Die Zahl zugelassener Steuerberater steigt seit Jahren kontinuierlich. Allein seit dem Jahr 2000 hat sich die Zahl der Berufsträger um 30 % erhöht, sodass sich die Zahl zugelassener Steuerberater zum 1.1.2011 auf nunmehr 88 329 beläuft. Der Wettbewerb um lukrative Mandate intensiviert sich zunehmend.
Durch die Liberalisierung des Berufsrechts dringen berufsfremde Gewerbetreibende zunehmend in klassische Aufgaben der steuerberatenden Berufe vor (z.B. die Prüfung des Sozialversicherungsstatus).
Die Bereitschaft zur angemessenen Vergütung von steuerberatenden Kernleistungen, wie der Finanzbuchhaltung, hat deutlich abgenommen. So ist das Einholen von Angeboten anderer Steuerberater seitens des Mandanten, um den eigenen Steuerberater anschließend damit zu konfrontieren und über die Höhe der Gebühren zu diskutieren, mittlerweile üblich.
2. Rechtliche Aspekte
2.1. Zivilrecht
2.1.1. Rechtsnatur
Die private Finanzplanung beinhaltet die Aufnahme, Analyse und Bewertung von Mandantendaten mit anschließender Erstellung eines Gutachtens über dessen finanzielle Situation (sog. Finanzplan), inklusive Erläuterung der Berechnungsergebnisse und Empfehlungen. Die Finanzplanerstellung hat damit den Charakter einer selbstständigen Tätigkeit auf wirtschaftlichem Gebiet, die im Interesse des Mandanten ausgeübt wird. Die Finanzplanungstätigkeit ist folglich als Geschäftsbesorgungsvertrag mit Werkvertragscharakter (§ 675 BGB i.V.m. § 631 BGB) zu qualifizieren.
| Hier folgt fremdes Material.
(* The first $\varepsilon\tau$-theorem holds in $\varepsilon\tau(\mathbf{LC})$ for $\varepsilon\tau$-free formulas: if $D$ is a quantifier-free formula containing no $\varepsilon\tau$-terms and $\vdash_{\varepsilon\tau(\mathbf{LC})}D$, then $\vdash_{\mathbf{LC}}D$.
   Context: $\mathbf{LC}$ is the intermediate propositional logic axiomatized over intuitionistic propositional logic by $\mathit{Lin}$: $(A\to B)\lor(B\to A)$ (infinite-valued Gödel logic). $\varepsilon\tau$-terms: $\varepsilon x\,A(x)$, $\tau x\,A(x)$ for formulas $A(x)$. Critical formulas: $A(t)\to A(\varepsilon x\,A(x))$ and $A(\tau x\,A(x))\to A(t)$. $\vdash_{\varepsilon\tau(\mathbf{L})}B$: $B$ derivable in the quantifier-free first-order language with $\varepsilon\tau$-terms from critical formulas using substitution instances of theorems of $\mathbf{L}$ and modus ponens; $\vdash_{\mathbf{L}}$ is the same without critical formulas. *)

theory Defs
  imports Main
begin

datatype pform =
    PVar nat
  | PBot
  | PAnd pform pform
  | POr pform pform
  | PImp pform pform

inductive LC_thm :: "pform \<Rightarrow> bool" where
  ax_K:    "LC_thm (PImp A (PImp B A))"
| ax_S:    "LC_thm (PImp (PImp A (PImp B C)) (PImp (PImp A B) (PImp A C)))"
| ax_and1: "LC_thm (PImp (PAnd A B) A)"
| ax_and2: "LC_thm (PImp (PAnd A B) B)"
| ax_andI: "LC_thm (PImp A (PImp B (PAnd A B)))"
| ax_or1:  "LC_thm (PImp A (POr A B))"
| ax_or2:  "LC_thm (PImp B (POr A B))"
| ax_orE:  "LC_thm (PImp (PImp A C) (PImp (PImp B C) (PImp (POr A B) C)))"
| ax_efq:  "LC_thm (PImp PBot A)"
| ax_lin:  "LC_thm (POr (PImp A B) (PImp B A))"
| mp:      "LC_thm (PImp A B) \<Longrightarrow> LC_thm A \<Longrightarrow> LC_thm B"

text \<open>Locally nameless representation: free variables are named (Free),
  the variable bound by an epsilon/tau operator is a de Bruijn index (Bnd).
  Eps A represents epsilon x A(x), where A(x) is A with Bnd 0 (at top level)
  standing for x.\<close>

datatype ('f, 'p) trm =
    Free nat
  | Bnd nat
  | Fn 'f "('f, 'p) trm list"
  | Eps "('f, 'p) fm"
  | Tau "('f, 'p) fm"
and ('f, 'p) fm =
    Atom 'p "('f, 'p) trm list"
  | Bot
  | And "('f, 'p) fm" "('f, 'p) fm"
  | Or "('f, 'p) fm" "('f, 'p) fm"
  | Imp "('f, 'p) fm" "('f, 'p) fm"

text \<open>Opening: replace the bound index k by the term t (capture-free
  substitution A(t) for the bound variable).\<close>

primrec opent :: "nat \<Rightarrow> ('f, 'p) trm \<Rightarrow> ('f, 'p) trm \<Rightarrow> ('f, 'p) trm"
and openf :: "nat \<Rightarrow> ('f, 'p) trm \<Rightarrow> ('f, 'p) fm \<Rightarrow> ('f, 'p) fm" where
  "opent k t (Free x) = Free x"
| "opent k t (Bnd n) = (if n = k then t else Bnd n)"
| "opent k t (Fn f ts) = Fn f (map (opent k t) ts)"
| "opent k t (Eps A) = Eps (openf (Suc k) t A)"
| "opent k t (Tau A) = Tau (openf (Suc k) t A)"
| "openf k t (Atom P ts) = Atom P (map (opent k t) ts)"
| "openf k t Bot = Bot"
| "openf k t (And A B) = And (openf k t A) (openf k t B)"
| "openf k t (Or A B) = Or (openf k t A) (openf k t B)"
| "openf k t (Imp A B) = Imp (openf k t A) (openf k t B)"

text \<open>Local closedness: all de Bruijn indices are bound (below depth k).
  Well-formed terms/formulas are those with lct 0 / lcf 0.\<close>

primrec lct :: "nat \<Rightarrow> ('f, 'p) trm \<Rightarrow> bool"
and lcf :: "nat \<Rightarrow> ('f, 'p) fm \<Rightarrow> bool" where
  "lct k (Free x) = True"
| "lct k (Bnd n) = (n < k)"
| "lct k (Fn f ts) = list_all (lct k) ts"
| "lct k (Eps A) = lcf (Suc k) A"
| "lct k (Tau A) = lcf (Suc k) A"
| "lcf k (Atom P ts) = list_all (lct k) ts"
| "lcf k Bot = True"
| "lcf k (And A B) = (lcf k A \<and> lcf k B)"
| "lcf k (Or A B) = (lcf k A \<and> lcf k B)"
| "lcf k (Imp A B) = (lcf k A \<and> lcf k B)"

primrec et_free_t :: "('f, 'p) trm \<Rightarrow> bool"
and et_free :: "('f, 'p) fm \<Rightarrow> bool" where
  "et_free_t (Free x) = True"
| "et_free_t (Bnd n) = True"
| "et_free_t (Fn f ts) = list_all et_free_t ts"
| "et_free_t (Eps A) = False"
| "et_free_t (Tau A) = False"
| "et_free (Atom P ts) = list_all et_free_t ts"
| "et_free Bot = True"
| "et_free (And A B) = (et_free A \<and> et_free B)"
| "et_free (Or A B) = (et_free A \<and> et_free B)"
| "et_free (Imp A B) = (et_free A \<and> et_free B)"

primrec psubst :: "(nat \<Rightarrow> ('f, 'p) fm) \<Rightarrow> pform \<Rightarrow> ('f, 'p) fm" where
  "psubst \<sigma> (PVar i) = \<sigma> i"
| "psubst \<sigma> PBot = Bot"
| "psubst \<sigma> (PAnd A B) = And (psubst \<sigma> A) (psubst \<sigma> B)"
| "psubst \<sigma> (POr A B) = Or (psubst \<sigma> A) (psubst \<sigma> B)"
| "psubst \<sigma> (PImp A B) = Imp (psubst \<sigma> A) (psubst \<sigma> B)"

inductive critical :: "('f, 'p) fm \<Rightarrow> bool" where
  crit_eps: "lcf 1 A \<Longrightarrow> lct 0 t \<Longrightarrow> critical (Imp (openf 0 t A) (openf 0 (Eps A) A))"
| crit_tau: "lcf 1 A \<Longrightarrow> lct 0 t \<Longrightarrow> critical (Imp (openf 0 (Tau A) A) (openf 0 t A))"

inductive deriv_et_LC :: "('f, 'p) fm \<Rightarrow> bool" where
  et_inst: "LC_thm \<phi> \<Longrightarrow> (\<And>i. lcf 0 (\<sigma> i)) \<Longrightarrow> deriv_et_LC (psubst \<sigma> \<phi>)"
| et_crit: "critical A \<Longrightarrow> deriv_et_LC A"
| et_mp:   "deriv_et_LC (Imp A B) \<Longrightarrow> deriv_et_LC A \<Longrightarrow> deriv_et_LC B"

inductive deriv_LC :: "('f, 'p) fm \<Rightarrow> bool" where
  L_inst: "LC_thm \<phi> \<Longrightarrow> (\<And>i. lcf 0 (\<sigma> i)) \<Longrightarrow> deriv_LC (psubst \<sigma> \<phi>)"
| L_mp:   "deriv_LC (Imp A B) \<Longrightarrow> deriv_LC A \<Longrightarrow> deriv_LC B"

end

theory Submission
  imports Defs
begin

text \<open>LC is complete for the finite Goedel chains \<open>{0..K}\<close>, where \<open>a \<rightarrow> b\<close> is \<open>K\<close> if \<open>a \<le> b\<close>
  and \<open>b\<close> otherwise: a maximal theory not deriving \<open>D\<close> is prime and linearly preordered
  by implication, and ranking formulas by how many subformulas of \<open>D\<close> they fail to
  imply yields a valuation refuting \<open>D\<close>.

  Derivations in \<open>\<epsilon>\<tau>(LC)\<close> are sound for the interpretation whose domain is the set of
  terms itself, with atoms taking values in \<open>{0..K}\<close>, \<open>\<epsilon>x A(x)\<close> denoting a term at which
  \<open>A\<close> takes its greatest value and \<open>\<tau>x A(x)\<close> one at which it takes its least value.
  These exist because the chain is finite, and they give every critical formula the
  value \<open>K\<close>. On an \<open>\<epsilon>\<tau>\<close>-free formula the interpretation is just the Goedel valuation
  of its propositional skeleton, so the skeleton is an LC theorem and \<open>D\<close> is a
  substitution instance of it.\<close>

section \<open>Finite Goedel chains\<close>

definition godel_imp :: "nat \<Rightarrow> nat \<Rightarrow> nat \<Rightarrow> nat" where
  "godel_imp K a b = (if a \<le> b then K else b)"

primrec pval :: "nat \<Rightarrow> (nat \<Rightarrow> nat) \<Rightarrow> pform \<Rightarrow> nat" where
  "pval K w (PVar i) = w i"
| "pval K w PBot = 0"
| "pval K w (PAnd A B) = min (pval K w A) (pval K w B)"
| "pval K w (POr A B) = max (pval K w A) (pval K w B)"
| "pval K w (PImp A B) = godel_imp K (pval K w A) (pval K w B)"

definition godel_valid :: "pform \<Rightarrow> bool" where
  "godel_valid A \<longleftrightarrow> (\<forall>K w. (\<forall>i. w i \<le> K) \<longrightarrow> pval K w A = K)"

lemma pval_le_top: "(\<And>i. w i \<le> K) \<Longrightarrow> pval K w A \<le> K"
  by (induction A) (auto simp: godel_imp_def)

lemma LC_thm_godel_valid:
  assumes "LC_thm A"
  shows "godel_valid A"
  unfolding godel_valid_def
proof (intro allI impI)
  fix K :: nat and w :: "nat \<Rightarrow> nat" assume "\<forall>i. w i \<le> K"
  then have pval_le: "pval K w B \<le> K" for B
    by (simp add: pval_le_top)
  from assms show "pval K w A = K"
  proof (induction rule: LC_thm.induct)
    case (mp A B)
    then show ?case using pval_le[of B] by (auto simp: godel_imp_def split: if_splits)
  qed (use pval_le in \<open>auto simp: godel_imp_def\<close>)
qed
2.1.2. Haftung gegenüber Kreditinstituten
Der vom Steuerberater erstellte private Finanzplan enthält eine Vermögensbilanz, welche Vermögenswerte und Verbindlichkeiten des Mandanten darstellt und einer Vermögensaufstellung nach § 18 KWG vergleichbar ist. Der Finanzplan kann daher zum Gegenstand von Kreditverhandlungen des Mandanten mit Banken und Finanzdienstleistern gemacht werden. Bei Kreditgewährung und anschließendem Ausfall des Kredites stellt sich insoweit die Frage, ob der Steuerberater aufgrund der im Finanzplan gemachten Aussagen vom Kreditinstitut in Regress genommen werden kann und wie er dieser Haftungsgefahr vorbeugen sollte.
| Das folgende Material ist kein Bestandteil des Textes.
text \<open>Since 4 fpoly \<epsilon> L = 3X^2 + 1 with X = 12L - \<epsilon>, the n counted lie in at most two classes
  modulo p^2.\<close>
lemma card_square_dvd_fpoly_le:
  fixes e p m N :: int
  assumes e: "e \<in> {1, -1}" and p: "prime p" "p \<ge> 5"
  shows "card {n \<in> {1..N}. p^2 dvd fpoly e (m + 24*n)} \<le> 2 * (nat (N div p^2) + 1)"
proof -
  have e2: "e^2 = 1" using e by auto
  define S where "S = {n \<in> {1..N}. p^2 dvd fpoly e (m + 24*n)}"
  define X where "X n = 12*(m + 24*n) - e" for n
  have root: "p^2 dvd 3*(X n)^2 + 1" if "n \<in> S" for n
  proof -
    have "p^2 dvd 4 * fpoly e (m + 24*n)" using that unfolding S_def by simp
    thus ?thesis unfolding X_def fpoly_quadratic_form[OF e2] .
  qed
  have cancel: "p^2 dvd a - b" if "p^2 dvd X a - X b" for a b
  proof -
    have "X a - X b = 2^5 * 3^2 * (a - b)" unfolding X_def by (simp add: algebra_simps)
    with that show ?thesis by (metis prime_power_dvd_cancel_2_3[OF p])
  qed
  have "card S \<le> 2 * (nat (N div p^2) + 1)"
  proof (cases "S = {}")
    case False
    then obtain n0 where n0: "n0 \<in> S" by blast
    define S1 where "S1 = {n \<in> S. p^2 dvd X n - X n0}"
    define S2 where "S2 = {n \<in> S. p^2 dvd X n + X n0}"
    have "card S1 \<le> nat (N div p^2) + 1"
    proof (rule card_pairwise_congruent_le)
      fix a b assume "a \<in> S1" "b \<in> S1"
      hence "p^2 dvd (X a - X n0) - (X b - X n0)" unfolding S1_def by (blast intro: dvd_diff)
      thus "p^2 dvd a - b" using cancel by simp
    qed (use p in \<open>auto simp: S1_def S_def\<close>)
    moreover have "card S2 \<le> nat (N div p^2) + 1"
    proof (rule card_pairwise_congruent_le)
      fix a b assume "a \<in> S2" "b \<in> S2"
      hence "p^2 dvd (X a + X n0) - (X b + X n0)" unfolding S2_def by (blast intro: dvd_diff)
      thus "p^2 dvd a - b" using cancel by simp
    qed (use p in \<open>auto simp: S2_def S_def\<close>)
    moreover have "S \<subseteq> S1 \<union> S2"
    proof
      fix n assume "n \<in> S"
      thus "n \<in> S1 \<union> S2" unfolding S1_def S2_def
        using prime_square_dvd_3_square_plus_1_cases[OF p root[OF \<open>n \<in> S\<close>] root[OF n0]] by blast
    qed
    hence "S = S1 \<union> S2" unfolding S1_def S2_def by blast
    hence "card S \<le> card S1 + card S2" by (metis card_Un_le)
    ultimately show ?thesis unfolding mult_2 by (meson add_mono order_trans)
  qed simp
  thus ?thesis unfolding S_def .
qed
2.1.2.1. Haftung aufgrund stillschweigenden Auskunftsvertrages
Durch Ausarbeitung und Weitergabe des Finanzplans kann »stillschweigend« ein selbstständiger Auskunftsvertrag zwischen Steuerberater und Kreditinstitut entstanden sein. Nach der Rechtsprechung des BGH (BGH Urteil vom 13.2.1992, III ZR 28/90, DB 1992, 1572 = StB 1992, 383 = NJW 1992, 2080) kommt ein solcher haftungsbegründender Auskunftsvertrag zustande, wenn
die Auskunft des Steuerberaters für den Geschäftspartner des Mandanten von erheblicher Bedeutung war und
der Geschäftspartner des Mandanten diese Auskunft des Steuerberaters erkennbar zur Grundlage wesentlicher Entschlüsse und Maßnahmen gemacht hat und
der Steuerberater die Auskunft dem Geschäftspartner des Mandanten gegenüber unmittelbar abgegeben hat.
Durch eine Klausel im Finanzplanungsvertrag, welche die Weitergabe des von ihm ausgearbeiteten Finanzplans von seiner schriftlichen Zustimmung abhängig macht, kann der Steuerberater die Gefahr der Dritthaftung aufgrund eines stillschweigenden Auskunftsvertrages bannen. Hierdurch fehlt es an einem unmittelbaren Kontakt zwischen Steuerberater und dem Kreditinstitut bzw. Finanzdienstleister als Dritten, wenn der Mandant die Arbeitsergebnisse des Steuerberaters ohne dessen Zustimmung an das Kreditinstitut weitergibt. Damit fehlt es an einer konstitutiven Voraussetzung für das Entstehen eines stillschweigenden Auskunftsvertrages mit dem Kreditinstitut.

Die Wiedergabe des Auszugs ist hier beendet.